Um sistema concebido para evadir a detecção inimiga

A principal característica que confere ao sistema Majid uma periculosidade particular contra aeronaves furtivas, como o F-35, não reside em seu alcance operacional, mas sim no princípio físico fundamental de sua operação. Diferente dos sistemas de radar convencionais que emitem ondas eletromagnéticas para detectar, rastrear e classificar alvos, o Majid emprega sensores eletro-ópticos e buscadores passivos de infravermelho. Esta abordagem significa que o sistema não emite qualquer tipo de sinal que possa ser detectado pelos receptores de alerta de radar das aeronaves-alvo. Ao invés disso, ele detecta e rastreia o calor, ou assinatura térmica, emitido pelos motores da própria aeronave inimiga.

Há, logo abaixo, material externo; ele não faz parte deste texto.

(* Let $\Gamma$ be a NoEff typing context, $\mathit{t},\mathit{t}'$ NoEff terms and $A$ a NoEff type. If $\Gamma \vdash \mathit{t} : A$ and $\mathit{t} \leadsto \mathit{t}'$, then $\Gamma \vdash \mathit{t}' : A$.
   Context: NoEff. Fix a signature $\Sigma$ assigning to each operation $\mathtt{Op}$ two closed well-formed NoEff types, $(\mathtt{Op}:A_1\to A_2)\in\Sigma$. Types $A,B ::= \alpha\mid\mathtt{Unit}\mid A\to B\mid A\Rrightarrow B\mid\mu\Rightarrow A\mid\mathtt{Comp}\,A\mid\forall\alpha.A$; coercion types $\mu ::= A\le B$. Coercions $\gamma ::= \omega\mid\langle\mathtt{Unit}\rangle\mid\langle\alpha\rangle\mid\gamma_1\to\gamma_2\mid\gamma_1\Rrightarrow\gamma_2\mid\mathtt{handToFun}(\gamma_1,\gamma_2)\mid\mathtt{funToHand}(\gamma_1,\gamma_2)\mid\forall\alpha.\gamma\mid\mu\Rightarrow\gamma\mid\mathtt{Comp}\,\gamma\mid\mathtt{return}\,\gamma\mid\mathtt{unsafe}\,\gamma$. Terms $\mathit{t} ::= x\mid\mathtt{unit}\mid\lambda(x{:}A).\mathit{t}\mid\mathit{t}_1\,\mathit{t}_2\mid\Lambda\alpha.\mathit{t}\mid\mathit{t}\,A\mid\Lambda(\omega{:}\mu).\mathit{t}\mid\mathit{t}\,\gamma\mid\mathit{t}\triangleright\gamma\mid\mathtt{return}\,\mathit{t}\mid h\mid\mathtt{let}\,x=\mathit{t}_1\,\mathtt{in}\,\mathit{t}_2\mid\mathtt{Op}\,\mathit{t}_1\,(y{:}B.\mathit{t}_2)\mid\mathtt{do}\,x\leftarrow\mathit{t}_1;\mathit{t}_2\mid\mathtt{with}\,\mathit{t}_h\,\mathtt{handle}\,\mathit{t}_c$; handlers $h ::= \{\mathtt{return}\,(x{:}A)\mapsto\mathit{t}_r,\mathtt{Op}_1\,x\,k\mapsto\mathit{t}_{\mathtt{Op}_1},\dots,\mathtt{Op}_n\,x\,k\mapsto\mathit{t}_{\mathtt{Op}_n}\}$ (distinct $\mathtt{Op}_i$, $\mathcal{O}=\{\mathtt{Op}_i\}$). Contexts $\Gamma ::= \epsilon\mid\Gamma,\alpha\mid\Gamma,x{:}A\mid\Gamma,\omega{:}\mu$; terms up to $\alpha$-equivalence, capture-avoiding substitution. Well-formedness: $\Gamma\vdash\alpha$ if $\alpha\in\Gamma$; $\Gamma\vdash\mathtt{Unit}$; $\Gamma\vdash A\to B$, $\Gamma\vdash A\Rrightarrow B$ if $\Gamma\vdash A$ and $\Gamma\vdash B$; $\Gamma\vdash\mathtt{Comp}\,A$ if $\Gamma\vdash A$; $\Gamma\vdash\forall\alpha.A$ if $\Gamma,\alpha\vdash A$; $\Gamma\vdash\mu\Rightarrow A$ if $\Gamma\vdash\mu$ and $\Gamma\vdash A$; $\Gamma\vdash A\le B$ if $\Gamma\vdash A$ and $\Gamma\vdash B$. Coercion typing $\Gamma\vdash\gamma:\mu$: $\omega:\mu$ if $(\omega{:}\mu)\in\Gamma$; $\langle\mathtt{Unit}\rangle:\mathtt{Unit}\le\mathtt{Unit}$; $\langle\alpha\rangle:\alpha\le\alpha$ if $\alpha\in\Gamma$; $\gamma_1\to\gamma_2:(A_1\to B_1)\le(A_2\to B_2)$ if $\gamma_1:A_2\le A_1$, $\gamma_2:B_1\le B_2$; $\gamma_1\Rrightarrow\gamma_2:(A_1\Rrightarrow B_1)\le(A_2\Rrightarrow B_2)$ if $\gamma_1:\mathtt{Comp}\,A_2\le\mathtt{Comp}\,A_1$, $\gamma_2:\mathtt{Comp}\,B_1\le\mathtt{Comp}\,B_2$; $\mathtt{handToFun}(\gamma_1,\gamma_2):(A_1\Rrightarrow B_1)\le(A_2\to B_2)$ if $\gamma_1:A_2\le A_1$, $\gamma_2:\mathtt{Comp}\,B_1\le B_2$; $\mathtt{funToHand}(\gamma_1,\gamma_2):(A_1\to B_1)\le(A_2\Rrightarrow B_2)$ if $\gamma_1:A_2\le A_1$, $\gamma_2:B_1\le\mathtt{Comp}\,B_2$; $\forall\alpha.\gamma:\forall\alpha.A\le\forall\alpha.B$ if $\Gamma,\alpha\vdash\gamma:A\le B$; $\mu\Rightarrow\gamma:(\mu\Rightarrow A)\le(\mu\Rightarrow B)$ if $\Gamma\vdash\mu$, $\gamma:A\le B$; $\mathtt{Comp}\,\gamma:\mathtt{Comp}\,A_1\le\mathtt{Comp}\,A_2$ if $\gamma:A_1\le A_2$; $\mathtt{return}\,\gamma:A_1\le\mathtt{Comp}\,A_2$ if $\gamma:A_1\le A_2$; $\mathtt{unsafe}\,\gamma:\mathtt{Comp}\,A_1\le A_2$ if $\gamma:A_1\le A_2$. Term typing $\Gamma\vdash\mathit{t}:A$: $x:A$ if $(x{:}A)\in\Gamma$; $\mathtt{unit}:\mathtt{Unit}$; $\lambda(x{:}A).\mathit{t}:A\to B$ if $\Gamma\vdash A$ and $\Gamma,x{:}A\vdash\mathit{t}:B$; $\Lambda\alpha.\mathit{t}:\forall\alpha.A$ if $\Gamma,\alpha\vdash\mathit{t}:A$; $\mathit{t}\,A:B[A/\alpha]$ if $\Gamma\vdash A$ and $\mathit{t}:\forall\alpha.B$; $\mathit{t}\triangleright\gamma:B$ if $\mathit{t}:A$ and $\gamma:A\le B$; $h:A\Rrightarrow B$ if $\Gamma,x{:}A\vdash\mathit{t}_r:\mathtt{Comp}\,B$ and for each $\mathtt{Op}\in\mathcal{O}$, $(\mathtt{Op}:A_1\to A_2)\in\Sigma$ and $\Gamma,x{:}A_1,k{:}A_2\to\mathtt{Comp}\,B\vdash\mathit{t}_{\mathtt{Op}}:\mathtt{Comp}\,B$; $\Lambda(\omega{:}\mu).\mathit{t}:\mu\Rightarrow A$ if $\Gamma\vdash\mu$ and $\Gamma,\omega{:}\mu\vdash\mathit{t}:A$; $\mathit{t}\,\gamma:A$ if $\mathit{t}:\mu\Rightarrow A$, $\gamma:\mu$; $\mathit{t}_1\,\mathit{t}_2:B$ if $\mathit{t}_1:A\to B$, $\mathit{t}_2:A$; $\mathtt{let}\,x=\mathit{t}_1\,\mathtt{in}\,\mathit{t}_2:B$ if $\mathit{t}_1:A$, $\Gamma,x{:}A\vdash\mathit{t}_2:B$; $\mathtt{return}\,\mathit{t}:\mathtt{Comp}\,A$ if $\mathit{t}:A$; $\mathtt{Op}\,\mathit{t}_1\,(y{:}A_2.\mathit{t}_2):\mathtt{Comp}\,B$ if $(\mathtt{Op}:A_1\to A_2)\in\Sigma$, $\mathit{t}_1:A_1$, $\Gamma,y{:}A_2\vdash\mathit{t}_2:\mathtt{Comp}\,B$; $\mathtt{do}\,x\leftarrow\mathit{t}_1;\mathit{t}_2:\mathtt{Comp}\,B$ if $\mathit{t}_1:\mathtt{Comp}\,A$, $\Gamma,x{:}A\vdash\mathit{t}_2:\mathtt{Comp}\,B$; $\mathtt{with}\,\mathit{t}_h\,\mathtt{handle}\,\mathit{t}_c:\mathtt{Comp}\,B$ if $\mathit{t}_h:A\Rrightarrow B$, $\mathit{t}_c:\mathtt{Comp}\,A$. Values $\mathit{t}^R ::= \mathtt{unit}\mid h\mid\lambda(x{:}A).\mathit{t}\mid\Lambda\alpha.\mathit{t}\mid\Lambda(\omega{:}\mu).\mathit{t}\mid\mathit{t}^R\triangleright(\gamma_1\to\gamma_2)\mid\mathit{t}^R\triangleright(\gamma_1\Rrightarrow\gamma_2)\mid\mathit{t}^R\triangleright\mathtt{handToFun}(\gamma_1,\gamma_2)\mid\mathit{t}^R\triangleright\mathtt{funToHand}(\gamma_1,\gamma_2)\mid\mathit{t}^R\triangleright\forall\alpha.\gamma\mid\mathit{t}^R\triangleright(\mu\Rightarrow\gamma)\mid\mathtt{return}\,\mathit{t}^R\mid\mathtt{Op}\,\mathit{t}^R\,(y{:}A.\mathit{t})$. Step relation $\mathit{t}\leadsto\mathit{t}'$: congruences — if $\mathit{t}\leadsto\mathit{t}'$ then it steps in the positions $\square\,\mathit{t}_2$, $\mathit{t}^R\,\square$, $\square\,A$, $\square\,\gamma$, $\mathtt{let}\,x=\square\,\mathtt{in}\,\mathit{t}_2$, $\mathtt{return}\,\square$, $\mathtt{Op}\,\square\,(y{:}B.\mathit{t}_2)$, $\mathtt{do}\,x\leftarrow\square;\mathit{t}_2$, $\mathtt{with}\,\square\,\mathtt{handle}\,\mathit{t}_c$, $\mathtt{with}\,\mathit{t}^R_h\,\mathtt{handle}\,\square$, $\square\triangleright\gamma$. Reductions: $(\lambda(x{:}A).\mathit{t})\,\mathit{t}^R\leadsto\mathit{t}[\mathit{t}^R/x]$; $(\Lambda\alpha.\mathit{t})\,A\leadsto\mathit{t}[A/\alpha]$; $(\Lambda(\omega{:}\mu).\mathit{t})\,\gamma\leadsto\mathit{t}[\gamma/\omega]$; $\mathtt{let}\,x=\mathit{t}^R\,\mathtt{in}\,\mathit{t}\leadsto\mathit{t}[\mathit{t}^R/x]$; $\mathtt{do}\,x\leftarrow\mathtt{return}\,\mathit{t}^R;\mathit{t}\leadsto\mathit{t}[\mathit{t}^R/x]$; $\mathtt{do}\,x\leftarrow\mathtt{Op}\,\mathit{t}^R\,(y{:}A.\mathit{t}_1);\mathit{t}_2\leadsto\mathtt{Op}\,\mathit{t}^R\,(y{:}A.\,\mathtt{do}\,x\leftarrow\mathit{t}_1;\mathit{t}_2)$; $\mathtt{with}\,h\,\mathtt{handle}\,(\mathtt{return}\,\mathit{t}^R)\leadsto\mathit{t}_r[\mathit{t}^R/x]$; $\mathtt{with}\,h\,\mathtt{handle}\,(\mathtt{Op}\,\mathit{t}^R\,(y{:}B.\mathit{t}))\leadsto\mathit{t}_{\mathtt{Op}}[\mathit{t}^R/x,(\lambda(y{:}B).\mathtt{with}\,h\,\mathtt{handle}\,\mathit{t})/k]$ if $h$ has clause $\mathtt{Op}\,x\,k\mapsto\mathit{t}_{\mathtt{Op}}$, else $\leadsto\mathtt{Op}\,\mathit{t}^R\,(y{:}B.\,\mathtt{with}\,h\,\mathtt{handle}\,\mathit{t})$; $\mathit{t}^R\triangleright\langle\mathtt{Unit}\rangle\leadsto\mathit{t}^R$; $(\mathtt{return}\,\mathit{t}^R)\triangleright\mathtt{Comp}\,\gamma\leadsto\mathtt{return}\,(\mathit{t}^R\triangleright\gamma)$; $(\mathtt{Op}\,\mathit{t}^R\,(y{:}B.\mathit{t}))\triangleright\mathtt{Comp}\,\gamma\leadsto\mathtt{Op}\,\mathit{t}^R\,(y{:}B.\,\mathit{t}\triangleright\mathtt{Comp}\,\gamma)$; $\mathit{t}^R\triangleright\mathtt{return}\,\gamma\leadsto\mathtt{return}\,(\mathit{t}^R\triangleright\gamma)$; $(\mathtt{return}\,\mathit{t}^R)\triangleright\mathtt{unsafe}\,\gamma\leadsto\mathit{t}^R\triangleright\gamma$; $(\mathit{t}^R\triangleright(\gamma_1\to\gamma_2))\,\mathit{t}\leadsto(\mathit{t}^R\,(\mathit{t}\triangleright\gamma_1))\triangleright\gamma_2$; $\mathtt{with}\,(\mathit{t}^R_2\triangleright(\gamma_1\Rrightarrow\gamma_2))\,\mathtt{handle}\,\mathit{t}^R_1\leadsto(\mathtt{with}\,\mathit{t}^R_2\,\mathtt{handle}\,(\mathit{t}^R_1\triangleright\gamma_1))\triangleright\gamma_2$; $(\mathit{t}^R_1\triangleright\mathtt{handToFun}(\gamma_1,\gamma_2))\,\mathit{t}^R_2\leadsto(\mathtt{with}\,\mathit{t}^R_1\,\mathtt{handle}\,(\mathtt{return}\,(\mathit{t}^R_2\triangleright\gamma_1)))\triangleright\gamma_2$; $\mathtt{with}\,(\mathit{t}^R_2\triangleright\mathtt{funToHand}(\gamma_1,\gamma_2))\,\mathtt{handle}\,(\mathtt{Op}\,\mathit{t}^R_1\,(y{:}B.\mathit{t}))\leadsto\mathtt{Op}\,\mathit{t}^R_1\,(y{:}B.\,\mathtt{with}\,(\mathit{t}^R_2\triangleright\mathtt{funToHand}(\gamma_1,\gamma_2))\,\mathtt{handle}\,\mathit{t})$; $\mathtt{with}\,(\mathit{t}^R_2\triangleright\mathtt{funToHand}(\gamma_1,\gamma_2))\,\mathtt{handle}\,(\mathtt{return}\,\mathit{t}^R_1)\leadsto(\mathit{t}^R_2\,(\mathit{t}^R_1\triangleright\gamma_1))\triangleright\gamma_2$; $(\mathit{t}^R\triangleright\forall\alpha.\gamma)\,A\leadsto(\mathit{t}^R\,A)\triangleright\gamma[A/\alpha]$; $(\mathit{t}^R\triangleright(\mu\Rightarrow\gamma_1))\,\gamma_2\leadsto(\mathit{t}^R\,\gamma_2)\triangleright\gamma_1$. *)

theory Defs
  imports Main
begin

Sistemas guiados por infravermelho, como o Majid, possuem uma vantagem tática crucial: eles não ativam os receptores de alerta de radar (RWR) das aeronaves visadas. Isso implica que a aeronave atacada não recebe qualquer indicação eletrônica de que está sob ameaça de um míssil ou sistema de defesa. Adicionalmente, as contramedidas de guerra eletrônica, como o jamming, que são eficazes contra sistemas baseados em radar, demonstram pouca ou nenhuma eficácia contra a detecção por infravermelho passivo. Na prática operacional, este método permite que um F-35 que sobrevoe a área de cobertura do sistema Majid possa não receber qualquer tipo de aviso antes que um míssil se aproxime e o atinja. A natureza passiva do sistema garante que o míssil chegue ao alvo sem ser detectado pelos sofisticados sistemas de guerra eletrônica da aeronave, resultando em um ataque surpresa com alto potencial de sucesso.

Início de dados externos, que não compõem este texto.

(* Fix $o\in\mathbb{H}^3$ and let $\mathcal{M}$ be an almost semidefinite, closed, connected, two-dimensional submanifold of $\mathcal{L}$. (a) For every $\ell=[\gamma]\in\mathcal{M}$ ($\gamma$ unit speed), the restriction of $\psi_\gamma$ to $T_\gamma^{-1}(T_\ell\mathcal{M})$ is surjective onto $\dot\gamma(0)^\perp$. (b) Every critical point $\ell$ of $D|_{\mathcal{M}}$ satisfies $D(\ell)=0$ and is a strict local minimum of $D|_{\mathcal{M}}$. Moreover, $D(\ell_n)\to\infty$ for every sequence $(\ell_n)$ in $\mathcal{M}$ without cluster points (in $\mathcal{M}$).
   Context: $\mathbb{H}^3$ is the oriented three-dimensional hyperbolic space of curvature $-1$ with cross product $\times$. $\mathcal{L}$ is the smooth 4-manifold of complete oriented geodesics of $\mathbb{H}^3$. For a unit speed geodesic $\gamma$, $\mathcal{J}_\gamma$ is the space of Jacobi fields along $\gamma$ orthogonal to $\dot\gamma$ and $T_\gamma:\mathcal{J}_\gamma\to T_{[\gamma]}\mathcal{L}$, $T_\gamma(J)=\frac{d}{dt}\big|_0[\gamma_t]$ for a variation by unit speed geodesics with variation field $J$, is a linear isomorphism. The metrics $g_\times,g_K$ on $\mathcal{L}$ have square norms $\|T_\gamma(J)\|_\times=\langle\dot\gamma\times J,J'\rangle$, $\|T_\gamma(J)\|_K=|J|^2-|J'|^2$. A submanifold $\mathcal{M}\subset\mathcal{L}$ is almost semidefinite if $\|X\|_\times=0$ for $X\in T\mathcal{M}$ implies $\|X\|_K\ge0$. $\psi_\gamma:\mathcal{J}_\gamma\to\dot\gamma(0)^\perp$ is $\psi_\gamma(J)=J(0)$. $D:\mathcal{L}\to\mathbb{R}$ assigns to an oriented geodesic the square of its distance to $o$ (a smooth function). *)

theory Defs
  imports "HOL-Analysis.Analysis"
begin

fun Ck_on :: "nat \<Rightarrow> 'a::euclidean_space set \<Rightarrow> ('a \<Rightarrow> 'b::euclidean_space) \<Rightarrow> bool" where
  "Ck_on 0 S f = continuous_on S f"
| "Ck_on (Suc k) S f = (\<exists>f'. (\<forall>x\<in>S. (f has_derivative f' x) (at x)) \<and>
                            (\<forall>v. Ck_on k S (\<lambda>x. f' x v)))"

definition smooth_on :: "'a::euclidean_space set \<Rightarrow> ('a \<Rightarrow> 'b::euclidean_space) \<Rightarrow> bool" where
  "smooth_on S f \<longleftrightarrow> (\<forall>k. Ck_on k S f)"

O míssil empregado pelo sistema Majid apresenta especificações técnicas projetadas para sua função. Com um diâmetro de 156 milímetros e um comprimento total de 2.670 milímetros, pesa aproximadamente 75 quilogramas. É equipado com um buscador passivo de imagem infravermelha, uma tecnologia avançada que permite uma detecção e rastreamento mais precisos de alvos aéreos com base em sua assinatura térmica. Complementarmente, o míssil incorpora uma espoleta de proximidade, que garante a detonação na proximidade ideal do alvo para maximizar o dano, mesmo sem um impacto direto. A combinação de um buscador passivo de IR e uma espoleta de proximidade é fundamental para o engajamento sem emitir sinais de radar, mantendo a furtividade do ataque até o momento final.

A vulnerabilidade intrínseca à tecnologia stealth

A concepção do F-35 Lightning II baseia-se na minimização da sua seção transversal de radar (RCS), uma métrica que quantifica a capacidade de uma aeronave de refletir ondas de radar, conferindo-lhe a designação de aeronave "furtiva" ou stealth. No entanto, esta característica primária de baixa observabilidade é predominantemente eficaz contra ondas eletromagnéticas de radar e não se estende de forma equivalente à sua assinatura térmica. As complexas tecnologias e revestimentos que reduzem a RCS do F-35 são consideravelmente mais eficazes do que as medidas implementadas para diminuir sua emissão de calor. Essa disparidade levou à identificação, desde as fases iniciais do programa de desenvolvimento do F-35, de que sistemas guiados por infravermelho representariam uma vulnerabilidade potencial.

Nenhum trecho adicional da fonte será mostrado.